Ben Isherwood

Fields and Streams: The HCI Document

Blog Post created by Ben Isherwood Employee on Sep 20, 2017

When analyzing a collection of data of varying types, the first challenge you'll encounter is how to ensure that your processing tasks can all speak the same consistent language and provide common capabilities.


Can your system easily determine the difference between an email, image, PDF, or call recording? If so, how? Can the system make additional processing decisions automatically based only on the data provided?


Typically, these tasks are performed simply through the generation and evaluation of metadata. The MIME type of a file, for example, can help to determine how it should be processed. Geo-location metadata can help to identify where content was generated. Date/time metadata can identify when a document was created or last accessed. But can the system easily understand how to interact with, augment, and/or repair that metadata? Can it automatically determine the data types of those metadata values to assist in parsing and database entry? How does the system access the raw content streams for further analysis given only metadata? Is the data associated with any additional data streams? How are those accessed? Is the answer different each time?


In Content Intelligence, data is represented from any data source in the form of a data structure called a Document.


A Document is a representation of a specific piece of data and/or its associated metadata. Any data can be represented in this form, providing a normalization mechanism for advanced content processing and metadata analysis.


Documents are made up of any number of fields and/or streams.

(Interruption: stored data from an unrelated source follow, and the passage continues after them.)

(* For integers $n\geq 3$, $p\geq 2$ and $m \geq 1$, $\chi_\rho(FSSD_m(K_n\star P_p)) = n+3$.
   Context: All graphs are finite and simple. For a positive integer $i$, an $i$-packing in a graph is a set of vertices any two distinct members of which are at distance greater than $i$. The packing chromatic number $\chi_\rho(H)$ is the smallest $k$ such that $V(H)$ can be partitioned into sets $V_1,\dots,V_k$ with each $V_i$ an $i$-packing. For a positive integer $m$, $FSSD_m(G)$ is obtained from $G$ by replacing each edge $xy$ by a copy of $K_{2,m}$: the edge $xy$ is deleted and $m$ new vertices are added, each adjacent to exactly $x$ and $y$. The neighborhood corona $G\star H$ of graphs $G$ (with vertices $w_1,\dots,w_{n}$) and $H$ consists of one copy of $G$ and $n$ copies $H_1,\dots,H_n$ of $H$ (each retaining the edges of $H$), where every vertex of $H_i$ is additionally joined to every neighbor of $w_i$ in $G$. $K_n$ is the complete graph and $P_p$ the path on $p$ vertices. *)

theory Defs
  imports Main
begin

text \<open>A finite simple graph is represented as a pair (V, E) of a vertex set and a
set of edges, each edge being a 2-element subset of V.\<close>

type_synonym 'a graph = "'a set \<times> 'a set set"

definition verts :: "'a graph \<Rightarrow> 'a set" where "verts G = fst G"
definition edges :: "'a graph \<Rightarrow> 'a set set" where "edges G = snd G"

definition walk :: "'a graph \<Rightarrow> 'a list \<Rightarrow> bool" where
  "walk G xs \<longleftrightarrow> xs \<noteq> [] \<and> set xs \<subseteq> verts G \<and>
     (\<forall>k. Suc k < length xs \<longrightarrow> {xs ! k, xs ! Suc k} \<in> edges G)"

definition dist_le :: "'a graph \<Rightarrow> nat \<Rightarrow> 'a \<Rightarrow> 'a \<Rightarrow> bool" where
  "dist_le G i u v \<longleftrightarrow> (\<exists>xs. walk G xs \<and> hd xs = u \<and> last xs = v \<and> length xs \<le> Suc i)"

definition packing :: "'a graph \<Rightarrow> nat \<Rightarrow> 'a set \<Rightarrow> bool" where
  "packing G i S \<longleftrightarrow> S \<subseteq> verts G \<and>
     (\<forall>u\<in>S. \<forall>v\<in>S. u \<noteq> v \<longrightarrow> \<not> dist_le G i u v)"
(* If $Q\in\mathcal{P}$ has full range, i.e. $\{Q(A):A\in\mathcal{F}\}=[0,1]$, then $D^*(v,Q)=L(v)$ for all $0<v<2$.
   Context: Let $(\Omega,\mathcal{F},\mu)$ be a finite or $\sigma$-finite measure space, and let $\mathcal{P}$ be the set of probability measures on $(\Omega,\mathcal{F})$ absolutely continuous with respect to $\mu$. For $P,Q\in\mathcal{P}$ the lower-case letters $p,q$ denote their densities with respect to $\mu$. The Kullback–Leibler divergence is $D(P\Vert Q)=\int\ln\frac{dP}{dQ}\,dP$ if $P\ll Q$, and $+\infty$ otherwise. The total variation distance is $V(P,Q)=\int_\Omega|p-q|\,d\mu$. For $v>0$ define $D^*(v,Q)=\inf\{D(P\Vert Q):P\in\mathcal{P},\ V(P,Q)\ge v\}$, with $\inf\emptyset=+\infty$. Vajda's function is $L(v)=\inf\{D(P\Vert Q):V(P,Q)=v\}$, where the infimum is over all pairs of probability measures $P,Q$ on a common measurable space. *)

theory Defs
  imports "HOL-Probability.Probability"
begin

definition probs_ac :: "'a measure \<Rightarrow> 'a measure set" where
  "probs_ac \<mu> = {P. prob_space P \<and> sets P = sets \<mu> \<and> absolutely_continuous \<mu> P}"

text \<open>Kullback-Leibler divergence D(P||Q) = int ln (dP/dQ) dP if P << Q, and +infinity
  otherwise (the integral is +infinity when ln (dP/dQ) is not P-integrable; its negative
  part is always P-integrable).\<close>
definition KL_div :: "'a measure \<Rightarrow> 'a measure \<Rightarrow> ereal" where
  "KL_div P Q =
    (if sets P = sets Q \<and> absolutely_continuous Q P then
       (if integrable P (\<lambda>x. ln (enn2real (RN_deriv Q P x)))
        then ereal (\<integral>x. ln (enn2real (RN_deriv Q P x)) \<partial>P)
        else \<infinity>)
     else \<infinity>)"

definition TV :: "'a measure \<Rightarrow> 'a measure \<Rightarrow> 'a measure \<Rightarrow> real" where
  "TV \<mu> P Q = (\<integral>x. \<bar>enn2real (RN_deriv \<mu> P x) - enn2real (RN_deriv \<mu> Q x)\<bar> \<partial>\<mu>)"

definition Dstar :: "'a measure \<Rightarrow> real \<Rightarrow> 'a measure \<Rightarrow> ereal" where
  "Dstar \<mu> v Q = Inf {KL_div P Q | P. P \<in> probs_ac \<mu> \<and> TV \<mu> P Q \<ge> v}"

text \<open>Vajda's function restricted to measurable spaces whose points have type 'b:
  infimum of D(P||Q) over all pairs of probability measures P, Q on a common measurable
  space (with carrier in type 'b) with V(P,Q) = v; V is computed w.r.t. any sigma-finite
  dominating measure (its value does not depend on the choice).  The true Vajda function
  L(v) is the infimum of vajda_L_on TYPE('b) v over all types 'b.\<close>
definition vajda_L_on :: "'b itself \<Rightarrow> real \<Rightarrow> ereal" where
  "vajda_L_on _ v = Inf {KL_div P Q | (\<mu>::'b measure) P Q.
      sigma_finite_measure \<mu> \<and> P \<in> probs_ac \<mu> \<and> Q \<in> probs_ac \<mu> \<and> TV \<mu> P Q = v}"

end

theory Submission
  imports Defs
begin

(* Write p, q for densities w.r.t. the dominating measure mu, and let
     d(a,b) = a ln(a/b) + (1-a) ln((1-a)/(1-b))
   be the binary divergence, S_v the set of its values for 0 < b < 1, b <= a <= 1, a - b = v/2.

   By Scheffe's identity V(P,Q) = 2 (P(A) - Q(A)) for A = {q < p}.
   Integrating the tangent-line inequality ln(p/q) >= ln c + 1 - c q/p over A and over its
   complement, with c1 = a/Q(A), c2 = (1-a)/(1-Q(A)) and a = Q(A) + v/2, gives
   D(P||Q) >= d(a, Q(A)) whenever V(P,Q) >= v.  Hence D(P||Q) >= inf S_v, which bounds
   both D*(v,Q) and Vajda's function from below.

   If Q(A) = b, the measure with Q-density a/b on A and (1-a)/(1-b) off A lies
   in P, has D = d(a,b) and V = 2(a-b).  When Q has full range every b in (0,1) occurs, so
   every element of S_v is realised with V = v exactly; thus D*(v,Q) = inf S_v = L(v). *)


section \<open>Real-valued densities with respect to a dominating measure\<close>

definition dens :: "'a measure \<Rightarrow> 'a measure \<Rightarrow> 'a \<Rightarrow> real" where
  "dens M P x = enn2real (RN_deriv M P x)"

lemma dens_measurable[measurable]: "dens M P \<in> borel_measurable M"
  unfolding dens_def by measurable

lemma dens_nonneg: "0 \<le> dens M P x"
  unfolding dens_def by simp

lemma integrable_indicator_prob:
  assumes "prob_space N" "A \<in> sets N"
  shows "integrable N (indicator A :: _ \<Rightarrow> real)"
proof -
  interpret prob_space N by fact
  show ?thesis using assms(2) by (simp add: less_top[symmetric])
qed

lemma probs_acD:
  assumes "P \<in> probs_ac M"
  shows "prob_space P" "sets P = sets M" "space P = space M" "absolutely_continuous M P"
  using assms sets_eq_imp_space_eq unfolding probs_ac_def by auto
lemma coef_pi4_diag_norms:
  fixes y :: real
  defines "t \<equiv> sin (2 * y)" and "c \<equiv> coef (pi/4) y y"
  shows "(cmod (c 0 + c 3))\<^sup>2 = (1 + t) / 2" "(cmod (c 0 - c 3))\<^sup>2 = (1 - t) / 2"
    "(cmod (c 1 - c 2))\<^sup>2 = (1 - t) / 2" "(cmod (c 1 + c 2))\<^sup>2 = (1 + t) / 2"
    "(cmod ((c 0 + c 3)\<^sup>2 - (c 0 - c 3)\<^sup>2))\<^sup>2 = t\<^sup>2 * (2 - t\<^sup>2)"
    "(cmod ((c 1 - c 2)\<^sup>2 - (c 1 + c 2)\<^sup>2))\<^sup>2 = t\<^sup>2 * (2 - t\<^sup>2)"
    "(cmod (c 0))\<^sup>2 = (2 - t\<^sup>2) / 4" "(cmod (c 2))\<^sup>2 = t\<^sup>2 / 4"
proof -
  define h where "h = sqrt 2 / 2"
  define C where "C = cos y"
  define S where "S = sin y"
  have h: "h\<^sup>2 = 1/2"
    unfolding h_def by (simp add: power_divide)
  have pyth: "C\<^sup>2 + S\<^sup>2 = 1"
    unfolding C_def S_def by simp
  have t: "t = 2 * C * S"
    unfolding t_def C_def S_def sin_double by simp
  have c: "c 0 = Complex (h * C\<^sup>2) (h * S\<^sup>2)" "c 1 = Complex (h * S\<^sup>2) (h * C\<^sup>2)"
    "c 2 = Complex (h * C * S) (h * C * S)" "c 3 = Complex (h * C * S) (h * C * S)"
    by (simp_all add: c_def coef_def cos_45 sin_45 h_def C_def S_def power2_eq_square)
  have "(cmod (c 0 + c 3))\<^sup>2 = h\<^sup>2 * ((C\<^sup>2 + S\<^sup>2) * (C\<^sup>2 + S\<^sup>2 + 2 * C * S))"
    "(cmod (c 1 + c 2))\<^sup>2 = h\<^sup>2 * ((C\<^sup>2 + S\<^sup>2) * (C\<^sup>2 + S\<^sup>2 + 2 * C * S))"
    "(cmod (c 0 - c 3))\<^sup>2 = h\<^sup>2 * ((C\<^sup>2 + S\<^sup>2) * (C\<^sup>2 + S\<^sup>2 - 2 * C * S))"
    "(cmod (c 1 - c 2))\<^sup>2 = h\<^sup>2 * ((C\<^sup>2 + S\<^sup>2) * (C\<^sup>2 + S\<^sup>2 - 2 * C * S))"
    unfolding cmod_power2 c by (simp_all add: power2_eq_square algebra_simps)
  then show "(cmod (c 0 + c 3))\<^sup>2 = (1 + t) / 2" "(cmod (c 0 - c 3))\<^sup>2 = (1 - t) / 2"
    "(cmod (c 1 - c 2))\<^sup>2 = (1 - t) / 2" "(cmod (c 1 + c 2))\<^sup>2 = (1 + t) / 2"
    unfolding h pyth t by simp_all
  have "(cmod (c 0))\<^sup>2 = h\<^sup>2 * ((C\<^sup>2 + S\<^sup>2)\<^sup>2 - 2 * C\<^sup>2 * S\<^sup>2)" "(cmod (c 1))\<^sup>2 = (cmod (c 0))\<^sup>2"
    "(cmod (c 2))\<^sup>2 = h\<^sup>2 * (2 * C\<^sup>2 * S\<^sup>2)" "(cmod (c 3))\<^sup>2 = (cmod (c 2))\<^sup>2"
    unfolding cmod_power2 c by (simp_all add: power2_eq_square algebra_simps)
  then have norms: "(cmod (c 0))\<^sup>2 = (2 - t\<^sup>2) / 4" "(cmod (c 1))\<^sup>2 = (2 - t\<^sup>2) / 4"
    "(cmod (c 2))\<^sup>2 = t\<^sup>2 / 4" "(cmod (c 3))\<^sup>2 = t\<^sup>2 / 4"
    unfolding h pyth t by (simp_all add: power_mult_distrib)
  then show "(cmod (c 0))\<^sup>2 = (2 - t\<^sup>2) / 4" "(cmod (c 2))\<^sup>2 = t\<^sup>2 / 4"
    by simp_all
  have "(c 0 + c 3)\<^sup>2 - (c 0 - c 3)\<^sup>2 = 4 * (c 0 * c 3)" "(c 1 - c 2)\<^sup>2 - (c 1 + c 2)\<^sup>2 = - 4 * (c 1 * c 2)"
    by (simp_all add: power2_eq_square algebra_simps)
  then show "(cmod ((c 0 + c 3)\<^sup>2 - (c 0 - c 3)\<^sup>2))\<^sup>2 = t\<^sup>2 * (2 - t\<^sup>2)"
    "(cmod ((c 1 - c 2)\<^sup>2 - (c 1 + c 2)\<^sup>2))\<^sup>2 = t\<^sup>2 * (2 - t\<^sup>2)"
    by (simp_all add: norm_mult power_mult_distrib norms[unfolded One_nat_def])
qed
(* Let $U_n\subset C^n([a,b],\mathbb{K})$ ($a<b$) be a subspace of dimension $n+1$ and let $p_{n,0},\dots,p_{n,n}$ be a Bernstein basis of $U_n$ for $\{a,b\}$ which is locally non-negative at $\{a,b\}$. Then there exists $\delta>0$ such that $p_{n,k}'(x)<0$ for all $x\in[b-\delta,b)$ and all $k=0,\dots,n-1$, while $p_{n,k}'(x)>0$ for all $x\in(a,a+\delta]$ and all $k=1,\dots,n$. Consequently, if moreover $f_0\in U_n$ is strictly positive and $D_{f_0}U_n$ has a Bernstein basis $q_{n-1,0},\dots,q_{n-1,n-1}$ for $\{a,b\}$ which is locally non-negative at $\{a,b\}$, then the numbers $$c_k=\frac{1}{f_0(a)}\lim_{x\downarrow a}\frac{p_{n,k}'(x)}{q_{n-1,k-1}(x)}\ (k=1,\dots,n),\qquad d_k=\frac{1}{f_0(b)}\lim_{x\uparrow b}\frac{p_{n,k}'(x)}{q_{n-1,k}(x)}\ (k=0,\dots,n-1)$$ satisfy $c_k>0$ for $k=1,\dots,n$ and $d_k<0$ for $k=0,\dots,n-1$.
   Context: A function $f\in C^m([a,b],\mathbb{K})$ has a zero of order $k$ at $c$ if $f(c)=\dots=f^{(k-1)}(c)=0$ and $f^{(k)}(c)\ne0$ (one-sided derivatives at endpoints). For an $(m+1)$-dimensional space $V\subset C^m([a,b],\mathbb{K})$, a Bernstein basis for $\{a,b\}$ is a system $p_{m,0},\dots,p_{m,m}$ in $V$ such that each $p_{m,k}$ has a zero of order exactly $k$ at $a$ and of order exactly $m-k$ at $b$. Such a basis is locally non-negative at $\{a,b\}$ if its functions are real-valued and there is $\delta>0$ with $p_{m,k}(x)\ge0$ for all $k$ and all $x\in[a,a+\delta)\cup(b-\delta,b]$. For strictly positive $f_0\in U_n$, $D_{f_0}U_n:=\{\frac{d}{dx}(f/f_0):f\in U_n\}$. (The limits defining $c_k,d_k$ exist and are non-zero.) *)

theory Defs
  imports "HOL-Analysis.Analysis"
begin

text \<open>Functions on [a,b] are modelled as total functions real => 'a; only their values
  on [a,b] matter.  The field K is modelled by a type 'a :: real_normed_field
  (this covers K = real and K = complex).\<close>

definition has_derivs_on :: "nat \<Rightarrow> real \<Rightarrow> real \<Rightarrow> (real \<Rightarrow> 'a::real_normed_vector)
    \<Rightarrow> (nat \<Rightarrow> real \<Rightarrow> 'a) \<Rightarrow> bool" where
  "has_derivs_on m a b f D \<longleftrightarrow>
     (\<forall>x\<in>{a..b}. D 0 x = f x) \<and>
     (\<forall>j<m. \<forall>x\<in>{a..b}. (D j has_vector_derivative D (Suc j) x) (at x within {a..b})) \<and>
     (\<forall>j\<le>m. continuous_on {a..b} (D j))"

definition Cm_on :: "nat \<Rightarrow> real \<Rightarrow> real \<Rightarrow> (real \<Rightarrow> 'a::real_normed_vector) \<Rightarrow> bool" where
  "Cm_on m a b f \<longleftrightarrow> (\<exists>D. has_derivs_on m a b f D)"

definition zero_of_order :: "nat \<Rightarrow> real \<Rightarrow> real \<Rightarrow> (real \<Rightarrow> 'a::real_normed_vector)
    \<Rightarrow> real \<Rightarrow> nat \<Rightarrow> bool" where
  "zero_of_order m a b f c k \<longleftrightarrow> k \<le> m \<and>
     (\<exists>D. has_derivs_on m a b f D \<and> (\<forall>j<k. D j c = 0) \<and> D k c \<noteq> 0)"

definition fun_subspace :: "(real \<Rightarrow> 'a::field) set \<Rightarrow> bool" where
  "fun_subspace V \<longleftrightarrow> (\<lambda>x. 0) \<in> V \<and>
     (\<forall>f\<in>V. \<forall>g\<in>V. (\<lambda>x. f x + g x) \<in> V) \<and>
     (\<forall>c. \<forall>f\<in>V. (\<lambda>x. c * f x) \<in> V)"
lemma inner_colour_path:
  assumes "C6_adj a1 a2" "C6_adj a2 b2" "C6_adj b2 b3" "a1 \<noteq> b2" "b3 \<noteq> a2" "c < 6"
  shows "inner_colour c (odd_end a1 a2) \<noteq> inner_colour c (odd_end b2 b3)"
proof -
  have "\<forall>c<6. \<forall>a1<6. \<forall>a2\<in>C6_neighbours a1. \<forall>b2\<in>C6_neighbours a2. \<forall>b3\<in>C6_neighbours b2.
      a1 \<noteq> b2 \<longrightarrow> b3 \<noteq> a2 \<longrightarrow> inner_colour c (odd_end a1 a2) \<noteq> inner_colour c (odd_end b2 b3)"
    unfolding less_6_iff C6_neighbours_def by (simp add: inner_colour_def odd_end_def)
  then show ?thesis
    using C6_adjD[OF assms(1)] C6_adjD[OF assms(2)] C6_adjD[OF assms(3)] assms(4-6) by blast
qed

lemma inner_colour_neq_2:
  assumes "C6_adj a1 a2" "C6_adj a2 b2" "a1 \<noteq> b2"
  shows "inner_colour b2 (odd_end a1 a2) \<noteq> 2"
proof -
  have "\<forall>a1<6. \<forall>a2\<in>C6_neighbours a1. \<forall>b2\<in>C6_neighbours a2.
      a1 \<noteq> b2 \<longrightarrow> inner_colour b2 (odd_end a1 a2) \<noteq> 2"
    unfolding less_6_iff C6_neighbours_def by (simp add: inner_colour_def odd_end_def)
  then show ?thesis
    using C6_adjD[OF assms(1)] C6_adjD[OF assms(2)] assms(3) by blast
qed
(* Let \(k\ge0\), \(\lambda=(\lambda_1\ge\dots\ge\lambda_k\ge0)\), and let \(J=(j_0<\dots<j_{r-1})\) be a strictly increasing sequence of non-negative integers of length \(r\ge k\) with \(J\succeq_k\lambda\). Then \(N_k(J)\ge|\lambda|\), with equality if and only if \(r=k\) and \(J=J^{(k)}_\lambda\).
   Context: \(|\lambda|=\lambda_1+\dots+\lambda_k\). \(J\succeq_k\lambda\) means \(j_{r-i}\ge\lambda_i+k-i\) for \(i=1,\dots,k\). \(J^{(k)}_\lambda=(\lambda_k,\lambda_{k-1}+1,\dots,\lambda_1+k-1)\). \(N_k(J)=r(r-k)+\sum_{q=0}^{r-1}(j_q-q)\). *)

theory Defs
  imports Main
begin

text \<open>A partition \<lambda> = (\<lambda>_1 \<ge> ... \<ge> \<lambda>_k \<ge> 0) is a function lam :: nat \<Rightarrow> nat,
  only the values lam 1, ..., lam k being relevant.  A sequence J = (j_0 < ... < j_{r-1})
  is a function J :: nat \<Rightarrow> nat, only J 0, ..., J (r-1) being relevant.\<close>

definition is_partition :: "nat \<Rightarrow> (nat \<Rightarrow> nat) \<Rightarrow> bool" where
  "is_partition k lam \<longleftrightarrow> (\<forall>i j. 1 \<le> i \<longrightarrow> i \<le> j \<longrightarrow> j \<le> k \<longrightarrow> lam j \<le> lam i)"

definition part_size :: "nat \<Rightarrow> (nat \<Rightarrow> nat) \<Rightarrow> nat" where
  "part_size k lam = (\<Sum>i=1..k. lam i)"

definition strictly_incr :: "nat \<Rightarrow> (nat \<Rightarrow> nat) \<Rightarrow> bool" where
  "strictly_incr r J \<longleftrightarrow> (\<forall>p q. p < q \<longrightarrow> q < r \<longrightarrow> J p < J q)"

definition dominates :: "nat \<Rightarrow> nat \<Rightarrow> (nat \<Rightarrow> nat) \<Rightarrow> (nat \<Rightarrow> nat) \<Rightarrow> bool" where
  "dominates k r J lam \<longleftrightarrow> (\<forall>i\<in>{1..k}. int (J (r - i)) \<ge> int (lam i) + int k - int i)"

definition Nk :: "nat \<Rightarrow> nat \<Rightarrow> (nat \<Rightarrow> nat) \<Rightarrow> int" where
  "Nk k r J = int r * (int r - int k) + (\<Sum>q<r. int (J q) - int q)"

definition Jk :: "nat \<Rightarrow> (nat \<Rightarrow> nat) \<Rightarrow> nat \<Rightarrow> nat" where
  "Jk k lam q = lam (k - q) + q"

end

theory Submission
  imports Defs
begin

text \<open>Compare J with the sequence L that equals q for q < r - k and
  \<lambda>_{r-q} + q - (r - k) for q \<ge> r - k: strict monotonicity and J \<succeq>_k \<lambda> give L \<le> J
  pointwise, and N_k(L) = |\<lambda>| + (r - k)^2.  Since N_k is strictly monotone in each
  entry, N_k(J) \<ge> |\<lambda>| + (r - k)^2 \<ge> |\<lambda>|, with equality only if r = k and J = L,
  and for r = k the sequence L is J^(k)_\<lambda>.\<close>

definition lower_seq :: "nat \<Rightarrow> nat \<Rightarrow> (nat \<Rightarrow> nat) \<Rightarrow> nat \<Rightarrow> nat" where
  "lower_seq k r lam q = (if q < r - k then q else lam (r - q) + (q - (r - k)))"

lemma strictly_incr_ge_index:
  assumes "strictly_incr r J" and "q < r"
  shows "q \<le> J q"
  using assms(2)
proof (induction q)
  case (Suc q)
  then have "J q < J (Suc q)" using assms(1) by (auto simp: strictly_incr_def)
  with Suc show ?case by simp
qed simp

lemma lower_seq_le:
  assumes "strictly_incr r J" and "k \<le> r" and "dominates k r J lam" and "q < r"
  shows "lower_seq k r lam q \<le> J q"
proof (cases "q < r - k")
  case True
  then show ?thesis using strictly_incr_ge_index[OF assms(1,4)] by (simp add: lower_seq_def)
next
  case False
  define i where "i = r - q"
  have i: "i \<in> {1..k}" "q = r - i" using False assms(2,4) by (auto simp: i_def)
  then have "int (J q) \<ge> int (lam i) + int k - int i"
    using assms(3) by (auto simp: dominates_def)
  moreover have "r - q = i" and "q - (r - k) = k - i" using i assms(2) by auto
  ultimately show ?thesis using False i(1) by (simp add: lower_seq_def)
qed

lemma lower_seq_eq_Jk: "q < k \<Longrightarrow> lower_seq k k lam q = Jk k lam q"
  by (simp add: lower_seq_def Jk_def)

lemma Nk_lower_seq:
  assumes "k \<le> r"
  shows "Nk k r (lower_seq k r lam) = int (part_size k lam) + (int r - int k)^2"
proof -
  let ?L = "lower_seq k r lam"
  have split: "{..<r} = {..<r-k} \<union> {r-k..<r}" by auto
  have "(\<Sum>q<r. int (?L q) - int q)
      = (\<Sum>q<r-k. int (?L q) - int q) + (\<Sum>q\<in>{r-k..<r}. int (?L q) - int q)"
    by (subst split, rule sum.union_disjoint) auto
  also have "(\<Sum>q<r-k. int (?L q) - int q) = 0" by (simp add: lower_seq_def)
  also have "(\<Sum>q\<in>{r-k..<r}. int (?L q) - int q)
      = (\<Sum>q\<in>{r-k..<r}. int (lam (r - q)) + int k - int r)"
    using assms by (intro sum.cong) (auto simp: lower_seq_def)
  also have "\<dots> = (\<Sum>i=1..k. int (lam i) + int k - int r)"
    using assms
    by (intro sum.reindex_bij_witness[where i="\<lambda>i. r - i" and j="\<lambda>q. r - q"]) auto
  also have "\<dots> = int (part_size k lam) - int k * (int r - int k)"
    by (simp add: sum.distrib sum_subtractf part_size_def algebra_simps)
  finally show ?thesis
    by (simp add: Nk_def power2_eq_square algebra_simps)
qed

lemma Nk_diff: "Nk k r J - Nk k r J' = (\<Sum>q<r. int (J q) - int (J' q))"
  by (simp add: Nk_def sum_subtractf)

lemma Nk_mono:
  assumes "\<And>q. q < r \<Longrightarrow> J' q \<le> J q"
  shows "Nk k r J' \<le> Nk k r J"
  using Nk_diff[of k r J J'] sum_nonneg[of "{..<r}" "\<lambda>q. int (J q) - int (J' q)"] assms
  by simp

lemma Nk_eq_iff_eq_on:
  assumes "\<And>q. q < r \<Longrightarrow> J' q \<le> J q"
  shows "Nk k r J = Nk k r J' \<longleftrightarrow> (\<forall>q<r. J q = J' q)"
proof -
  have "Nk k r J = Nk k r J' \<longleftrightarrow> (\<Sum>q<r. int (J q) - int (J' q)) = 0"
    using Nk_diff[of k r J J'] by linarith
  also have "\<dots> \<longleftrightarrow> (\<forall>q<r. J q = J' q)"
    using assms by (subst sum_nonneg_eq_0_iff) (auto simp: le_antisym)
  finally show ?thesis .
qed

theorem lemma4p15:
  fixes k r :: nat and lam J :: "nat \<Rightarrow> nat"
  assumes "is_partition k lam"
    and "strictly_incr r J"
    and "k \<le> r"
    and "dominates k r J lam"
  shows "Nk k r J \<ge> int (part_size k lam) \<and>
    (Nk k r J = int (part_size k lam) \<longleftrightarrow> (r = k \<and> (\<forall>q<k. J q = Jk k lam q)))"
proof -
  let ?L = "lower_seq k r lam"
  have L_le: "\<And>q. q < r \<Longrightarrow> ?L q \<le> J q"
    using lower_seq_le[OF assms(2-4)] .
  have NL: "Nk k r ?L = int (part_size k lam) + (int r - int k)^2"
    using Nk_lower_seq[OF assms(3)] .
  have bound: "Nk k r J \<ge> int (part_size k lam) + (int r - int k)^2"
    using Nk_mono[of r ?L J k] L_le NL by simp
  then have ge: "Nk k r J \<ge> int (part_size k lam)"
    using zero_le_power2[of "int r - int k"] by linarith
  have "Nk k r J = int (part_size k lam) \<longleftrightarrow>
      (int r - int k)^2 = 0 \<and> Nk k r J = Nk k r ?L"
    using bound NL zero_le_power2[of "int r - int k"] by linarith
  also have "\<dots> \<longleftrightarrow> r = k \<and> (\<forall>q<k. J q = Jk k lam q)"
    using Nk_eq_iff_eq_on[of r ?L J k] L_le lower_seq_eq_Jk by auto
  finally show ?thesis
    using ge by blast
qed

end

A field is any individual metadata key/value pair associated with the data.


For example, a medical image can become a Document that contains field/value pairs such as "Doctor = John Smith" and "Location = City Hospital". These fields serve as the metadata for your files and can be used for general processing and to construct a searchable index. Fields may be (optionally) strongly typed, though all fields can still be evaluated in their native string form. Fields can also have a single value, or multiple values associated with them.


A stream is a pointer to a sequence of raw data bytes that live in another location, outside of the document itself, but that can be accessed on demand.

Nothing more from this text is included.